======== Data to use ========

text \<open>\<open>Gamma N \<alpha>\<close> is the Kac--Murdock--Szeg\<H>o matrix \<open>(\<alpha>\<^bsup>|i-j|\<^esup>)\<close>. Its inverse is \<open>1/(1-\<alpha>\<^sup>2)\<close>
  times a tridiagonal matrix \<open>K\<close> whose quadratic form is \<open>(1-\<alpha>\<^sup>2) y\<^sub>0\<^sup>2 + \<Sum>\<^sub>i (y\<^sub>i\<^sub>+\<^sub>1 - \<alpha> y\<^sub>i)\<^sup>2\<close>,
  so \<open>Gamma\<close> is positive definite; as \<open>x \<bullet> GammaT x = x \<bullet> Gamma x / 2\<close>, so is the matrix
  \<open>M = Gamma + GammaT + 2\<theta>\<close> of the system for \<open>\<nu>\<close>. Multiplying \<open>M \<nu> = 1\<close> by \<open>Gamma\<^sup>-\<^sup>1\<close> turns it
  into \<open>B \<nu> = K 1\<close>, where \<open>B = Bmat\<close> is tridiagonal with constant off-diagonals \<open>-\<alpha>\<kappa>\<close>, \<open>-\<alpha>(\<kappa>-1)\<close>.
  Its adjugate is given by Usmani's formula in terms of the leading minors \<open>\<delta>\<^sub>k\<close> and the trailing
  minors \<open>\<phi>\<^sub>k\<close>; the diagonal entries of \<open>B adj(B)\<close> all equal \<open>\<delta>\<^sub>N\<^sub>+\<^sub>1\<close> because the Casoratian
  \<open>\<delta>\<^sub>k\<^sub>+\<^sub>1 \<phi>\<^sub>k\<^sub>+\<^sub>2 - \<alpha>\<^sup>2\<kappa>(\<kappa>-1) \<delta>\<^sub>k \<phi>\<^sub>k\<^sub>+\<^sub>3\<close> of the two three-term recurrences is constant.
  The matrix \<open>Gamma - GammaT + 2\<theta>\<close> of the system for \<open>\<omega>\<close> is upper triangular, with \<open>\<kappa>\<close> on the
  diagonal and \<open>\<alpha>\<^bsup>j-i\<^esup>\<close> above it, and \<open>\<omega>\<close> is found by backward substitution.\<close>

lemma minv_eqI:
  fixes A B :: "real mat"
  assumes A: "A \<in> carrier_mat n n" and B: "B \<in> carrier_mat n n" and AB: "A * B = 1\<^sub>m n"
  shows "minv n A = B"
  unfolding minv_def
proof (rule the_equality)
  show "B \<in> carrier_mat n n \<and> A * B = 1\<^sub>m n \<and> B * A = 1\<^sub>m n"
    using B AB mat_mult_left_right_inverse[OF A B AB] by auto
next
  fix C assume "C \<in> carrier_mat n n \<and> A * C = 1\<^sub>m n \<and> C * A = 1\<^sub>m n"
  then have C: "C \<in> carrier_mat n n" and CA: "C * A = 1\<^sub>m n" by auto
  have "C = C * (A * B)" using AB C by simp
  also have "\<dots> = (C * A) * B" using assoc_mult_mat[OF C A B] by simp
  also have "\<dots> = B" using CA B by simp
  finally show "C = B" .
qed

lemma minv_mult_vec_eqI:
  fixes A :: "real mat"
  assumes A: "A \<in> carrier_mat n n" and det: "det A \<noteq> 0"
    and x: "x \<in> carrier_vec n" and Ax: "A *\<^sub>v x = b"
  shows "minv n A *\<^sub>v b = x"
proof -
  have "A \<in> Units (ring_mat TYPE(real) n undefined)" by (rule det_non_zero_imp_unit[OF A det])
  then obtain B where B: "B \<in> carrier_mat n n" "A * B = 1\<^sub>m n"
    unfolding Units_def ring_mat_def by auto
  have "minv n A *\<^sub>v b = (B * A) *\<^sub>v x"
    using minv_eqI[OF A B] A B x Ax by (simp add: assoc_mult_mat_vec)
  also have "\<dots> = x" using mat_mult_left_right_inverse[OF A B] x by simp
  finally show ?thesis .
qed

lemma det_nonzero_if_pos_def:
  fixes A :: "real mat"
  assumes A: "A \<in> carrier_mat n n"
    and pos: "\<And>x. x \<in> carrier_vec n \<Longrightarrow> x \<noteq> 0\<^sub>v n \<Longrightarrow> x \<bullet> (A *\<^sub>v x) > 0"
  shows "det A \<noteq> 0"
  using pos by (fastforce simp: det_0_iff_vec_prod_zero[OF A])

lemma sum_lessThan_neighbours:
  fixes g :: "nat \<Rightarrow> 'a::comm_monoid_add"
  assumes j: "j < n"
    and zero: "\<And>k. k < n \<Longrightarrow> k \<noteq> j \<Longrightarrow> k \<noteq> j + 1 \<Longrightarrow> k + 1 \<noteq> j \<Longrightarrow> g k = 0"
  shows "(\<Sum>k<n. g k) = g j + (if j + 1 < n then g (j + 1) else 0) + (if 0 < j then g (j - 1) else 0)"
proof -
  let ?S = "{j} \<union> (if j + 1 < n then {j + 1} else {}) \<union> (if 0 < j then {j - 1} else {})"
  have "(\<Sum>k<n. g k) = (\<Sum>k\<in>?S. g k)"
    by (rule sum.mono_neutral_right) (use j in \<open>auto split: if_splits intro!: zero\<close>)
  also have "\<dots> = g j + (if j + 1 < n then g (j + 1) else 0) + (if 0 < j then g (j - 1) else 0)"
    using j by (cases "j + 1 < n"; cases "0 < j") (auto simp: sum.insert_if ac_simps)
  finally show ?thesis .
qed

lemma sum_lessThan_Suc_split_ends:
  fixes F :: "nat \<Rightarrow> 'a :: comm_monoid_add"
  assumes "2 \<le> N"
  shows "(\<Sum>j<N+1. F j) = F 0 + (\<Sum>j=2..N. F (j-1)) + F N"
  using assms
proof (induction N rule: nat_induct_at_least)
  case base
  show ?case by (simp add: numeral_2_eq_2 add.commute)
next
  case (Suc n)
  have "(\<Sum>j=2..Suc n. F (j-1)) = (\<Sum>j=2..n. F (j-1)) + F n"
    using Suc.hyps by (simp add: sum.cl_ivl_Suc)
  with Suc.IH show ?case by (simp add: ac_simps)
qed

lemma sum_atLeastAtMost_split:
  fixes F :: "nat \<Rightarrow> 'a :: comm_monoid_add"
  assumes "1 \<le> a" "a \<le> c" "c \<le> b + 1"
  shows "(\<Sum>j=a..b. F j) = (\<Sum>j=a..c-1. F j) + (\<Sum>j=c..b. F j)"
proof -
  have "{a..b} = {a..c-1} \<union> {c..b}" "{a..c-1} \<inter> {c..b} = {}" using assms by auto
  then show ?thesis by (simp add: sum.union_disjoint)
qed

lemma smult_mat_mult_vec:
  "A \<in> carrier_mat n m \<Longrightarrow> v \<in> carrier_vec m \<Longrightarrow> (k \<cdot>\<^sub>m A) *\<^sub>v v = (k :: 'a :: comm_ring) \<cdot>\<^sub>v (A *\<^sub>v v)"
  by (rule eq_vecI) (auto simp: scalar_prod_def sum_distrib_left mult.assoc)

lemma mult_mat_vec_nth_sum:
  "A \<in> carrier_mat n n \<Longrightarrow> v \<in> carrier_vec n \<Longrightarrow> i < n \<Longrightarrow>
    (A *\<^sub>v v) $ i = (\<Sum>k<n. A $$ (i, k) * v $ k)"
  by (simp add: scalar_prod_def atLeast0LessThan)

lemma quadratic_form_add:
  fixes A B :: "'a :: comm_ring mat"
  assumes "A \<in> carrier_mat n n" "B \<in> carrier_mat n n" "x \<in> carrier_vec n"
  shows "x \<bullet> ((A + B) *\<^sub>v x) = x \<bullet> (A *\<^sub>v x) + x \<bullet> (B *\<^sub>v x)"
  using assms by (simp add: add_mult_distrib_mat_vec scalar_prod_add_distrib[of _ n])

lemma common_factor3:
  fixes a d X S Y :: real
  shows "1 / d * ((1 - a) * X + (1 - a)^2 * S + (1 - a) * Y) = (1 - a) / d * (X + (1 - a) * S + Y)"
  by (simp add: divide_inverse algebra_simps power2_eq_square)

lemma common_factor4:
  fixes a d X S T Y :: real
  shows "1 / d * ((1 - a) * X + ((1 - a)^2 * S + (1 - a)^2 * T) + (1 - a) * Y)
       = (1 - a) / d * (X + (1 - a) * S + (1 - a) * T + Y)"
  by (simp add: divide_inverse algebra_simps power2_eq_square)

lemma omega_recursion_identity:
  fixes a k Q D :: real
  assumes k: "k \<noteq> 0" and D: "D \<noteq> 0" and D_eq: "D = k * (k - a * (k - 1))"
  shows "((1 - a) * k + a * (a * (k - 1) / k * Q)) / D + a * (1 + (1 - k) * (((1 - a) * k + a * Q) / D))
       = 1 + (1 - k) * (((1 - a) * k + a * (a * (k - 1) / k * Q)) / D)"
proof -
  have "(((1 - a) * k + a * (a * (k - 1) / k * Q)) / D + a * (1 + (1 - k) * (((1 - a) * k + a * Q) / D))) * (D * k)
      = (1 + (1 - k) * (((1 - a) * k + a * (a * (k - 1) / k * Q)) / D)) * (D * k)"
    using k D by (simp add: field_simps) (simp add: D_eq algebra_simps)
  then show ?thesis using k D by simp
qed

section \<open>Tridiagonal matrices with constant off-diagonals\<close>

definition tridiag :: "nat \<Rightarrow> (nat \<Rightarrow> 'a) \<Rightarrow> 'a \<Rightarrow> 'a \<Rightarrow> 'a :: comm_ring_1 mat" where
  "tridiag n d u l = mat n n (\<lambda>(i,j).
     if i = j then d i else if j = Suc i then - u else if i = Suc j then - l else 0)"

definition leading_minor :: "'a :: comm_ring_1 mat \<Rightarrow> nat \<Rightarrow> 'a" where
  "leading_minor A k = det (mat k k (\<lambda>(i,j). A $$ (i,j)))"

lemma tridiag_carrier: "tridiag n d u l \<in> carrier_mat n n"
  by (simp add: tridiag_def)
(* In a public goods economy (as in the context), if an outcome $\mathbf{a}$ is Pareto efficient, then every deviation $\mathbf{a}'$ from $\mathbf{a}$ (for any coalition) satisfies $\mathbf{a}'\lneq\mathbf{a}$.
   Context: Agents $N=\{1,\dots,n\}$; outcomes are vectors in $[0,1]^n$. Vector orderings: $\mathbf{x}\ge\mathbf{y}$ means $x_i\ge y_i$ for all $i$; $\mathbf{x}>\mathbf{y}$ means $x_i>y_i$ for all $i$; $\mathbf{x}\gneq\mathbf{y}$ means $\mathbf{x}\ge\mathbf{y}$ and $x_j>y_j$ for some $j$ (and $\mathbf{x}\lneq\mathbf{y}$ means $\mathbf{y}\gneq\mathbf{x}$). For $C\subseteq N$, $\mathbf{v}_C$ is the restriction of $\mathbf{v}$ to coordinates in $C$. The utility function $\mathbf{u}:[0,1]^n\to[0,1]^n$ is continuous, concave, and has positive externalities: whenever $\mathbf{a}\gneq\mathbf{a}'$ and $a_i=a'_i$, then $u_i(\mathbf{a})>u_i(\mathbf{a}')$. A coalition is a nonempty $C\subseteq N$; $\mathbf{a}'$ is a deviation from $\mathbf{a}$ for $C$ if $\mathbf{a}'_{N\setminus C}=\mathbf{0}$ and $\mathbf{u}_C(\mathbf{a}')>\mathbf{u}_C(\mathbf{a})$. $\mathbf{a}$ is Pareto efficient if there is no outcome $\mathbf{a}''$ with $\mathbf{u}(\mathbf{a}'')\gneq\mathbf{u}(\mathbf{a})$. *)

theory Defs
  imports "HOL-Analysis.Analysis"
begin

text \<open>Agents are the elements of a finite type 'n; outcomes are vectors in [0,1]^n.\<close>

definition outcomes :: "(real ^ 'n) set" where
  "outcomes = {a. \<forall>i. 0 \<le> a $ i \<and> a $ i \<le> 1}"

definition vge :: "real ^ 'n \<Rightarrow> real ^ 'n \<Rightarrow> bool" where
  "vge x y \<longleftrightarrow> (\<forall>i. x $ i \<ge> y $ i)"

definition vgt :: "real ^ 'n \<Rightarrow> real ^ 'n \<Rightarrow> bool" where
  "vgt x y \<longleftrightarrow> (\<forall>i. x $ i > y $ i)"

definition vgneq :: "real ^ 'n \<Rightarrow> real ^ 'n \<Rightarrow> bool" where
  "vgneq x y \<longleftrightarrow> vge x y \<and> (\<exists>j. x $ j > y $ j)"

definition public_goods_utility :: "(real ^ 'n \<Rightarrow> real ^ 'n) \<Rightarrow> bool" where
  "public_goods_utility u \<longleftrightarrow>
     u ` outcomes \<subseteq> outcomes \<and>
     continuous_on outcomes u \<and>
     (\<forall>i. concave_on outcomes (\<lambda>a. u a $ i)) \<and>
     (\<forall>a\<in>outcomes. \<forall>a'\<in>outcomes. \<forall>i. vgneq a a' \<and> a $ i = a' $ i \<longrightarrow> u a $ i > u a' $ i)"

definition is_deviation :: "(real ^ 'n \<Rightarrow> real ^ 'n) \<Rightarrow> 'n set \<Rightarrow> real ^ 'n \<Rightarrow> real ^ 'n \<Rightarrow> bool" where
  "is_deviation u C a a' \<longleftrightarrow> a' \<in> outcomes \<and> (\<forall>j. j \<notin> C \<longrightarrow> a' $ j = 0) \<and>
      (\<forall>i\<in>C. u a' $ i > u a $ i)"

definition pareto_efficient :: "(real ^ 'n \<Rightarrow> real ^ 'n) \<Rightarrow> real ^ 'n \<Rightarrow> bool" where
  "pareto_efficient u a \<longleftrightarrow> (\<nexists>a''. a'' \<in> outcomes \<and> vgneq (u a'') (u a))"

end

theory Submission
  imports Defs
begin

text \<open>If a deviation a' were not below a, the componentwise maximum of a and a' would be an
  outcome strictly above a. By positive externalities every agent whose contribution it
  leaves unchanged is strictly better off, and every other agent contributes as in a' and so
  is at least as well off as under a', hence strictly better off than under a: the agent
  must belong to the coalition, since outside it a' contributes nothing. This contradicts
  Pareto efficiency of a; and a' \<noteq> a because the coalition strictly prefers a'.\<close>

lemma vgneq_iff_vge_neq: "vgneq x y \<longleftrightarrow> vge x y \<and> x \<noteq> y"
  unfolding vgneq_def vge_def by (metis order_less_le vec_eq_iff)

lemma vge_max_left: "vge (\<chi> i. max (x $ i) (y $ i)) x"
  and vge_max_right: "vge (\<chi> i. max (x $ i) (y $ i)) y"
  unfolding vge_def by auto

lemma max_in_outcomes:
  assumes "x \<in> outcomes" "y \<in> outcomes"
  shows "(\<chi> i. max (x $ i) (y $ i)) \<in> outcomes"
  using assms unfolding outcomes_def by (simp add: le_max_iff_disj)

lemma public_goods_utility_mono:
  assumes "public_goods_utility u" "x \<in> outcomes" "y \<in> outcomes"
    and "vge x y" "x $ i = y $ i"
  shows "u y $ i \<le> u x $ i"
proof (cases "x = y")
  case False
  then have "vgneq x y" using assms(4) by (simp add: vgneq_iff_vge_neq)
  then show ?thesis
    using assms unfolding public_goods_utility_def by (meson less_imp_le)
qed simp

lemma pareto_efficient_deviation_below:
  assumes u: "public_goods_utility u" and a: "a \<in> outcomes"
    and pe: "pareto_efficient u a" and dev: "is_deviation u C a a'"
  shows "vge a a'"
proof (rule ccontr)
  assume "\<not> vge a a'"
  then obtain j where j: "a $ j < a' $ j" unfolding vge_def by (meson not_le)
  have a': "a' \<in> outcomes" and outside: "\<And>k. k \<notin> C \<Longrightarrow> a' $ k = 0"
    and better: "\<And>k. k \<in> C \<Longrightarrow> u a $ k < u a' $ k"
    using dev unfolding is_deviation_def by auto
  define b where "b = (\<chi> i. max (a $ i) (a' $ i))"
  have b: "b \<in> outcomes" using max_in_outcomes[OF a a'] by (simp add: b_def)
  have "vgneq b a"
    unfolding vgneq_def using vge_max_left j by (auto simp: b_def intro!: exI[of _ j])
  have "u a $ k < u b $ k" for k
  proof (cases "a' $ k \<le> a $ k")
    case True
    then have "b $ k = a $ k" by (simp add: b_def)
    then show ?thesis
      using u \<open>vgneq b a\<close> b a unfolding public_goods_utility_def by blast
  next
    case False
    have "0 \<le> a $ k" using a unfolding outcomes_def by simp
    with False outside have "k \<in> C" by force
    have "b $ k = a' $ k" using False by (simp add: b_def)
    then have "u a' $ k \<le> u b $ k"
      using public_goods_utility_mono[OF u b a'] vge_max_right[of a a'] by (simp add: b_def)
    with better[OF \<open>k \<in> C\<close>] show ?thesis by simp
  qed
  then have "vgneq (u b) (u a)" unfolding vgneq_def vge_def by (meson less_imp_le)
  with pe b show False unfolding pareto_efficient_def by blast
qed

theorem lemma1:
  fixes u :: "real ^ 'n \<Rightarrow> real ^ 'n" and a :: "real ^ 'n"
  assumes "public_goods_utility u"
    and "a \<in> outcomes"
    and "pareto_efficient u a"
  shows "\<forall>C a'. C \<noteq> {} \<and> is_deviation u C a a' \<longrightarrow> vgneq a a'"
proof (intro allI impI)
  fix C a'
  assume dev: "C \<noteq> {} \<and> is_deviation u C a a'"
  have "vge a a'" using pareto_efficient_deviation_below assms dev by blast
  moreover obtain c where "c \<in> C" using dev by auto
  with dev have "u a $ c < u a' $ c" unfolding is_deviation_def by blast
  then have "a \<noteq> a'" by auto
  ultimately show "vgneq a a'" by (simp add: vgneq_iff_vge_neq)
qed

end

========

Work to be completed:
Repeat exactly the lines from the first line of the records above through the line containing "so \<open>Gamma\<close> is", both included, and nothing else.

Exercise response:
text \<open>\<open>Gamma N \<alpha>\<close> is the Kac--Murdock--Szeg\<H>o matrix \<open>(\<alpha>\<^bsup>|i-j|\<^esup>)\<close>. Its inverse is \<open>1/(1-\<alpha>\<^sup>2)\<close>
  times a tridiagonal matrix \<open>K\<close> whose quadratic form is \<open>(1-\<alpha>\<^sup>2) y\<^sub>0\<^sup>2 + \<Sum>\<^sub>i (y\<^sub>i\<^sub>+\<^sub>1 - \<alpha> y\<^sub>i)\<^sup>2\<close>,
  so \<open>Gamma\<close> is positive definite; as \<open>x \<bullet> GammaT x = x \<bullet> Gamma x / 2\<close>, so is the matrix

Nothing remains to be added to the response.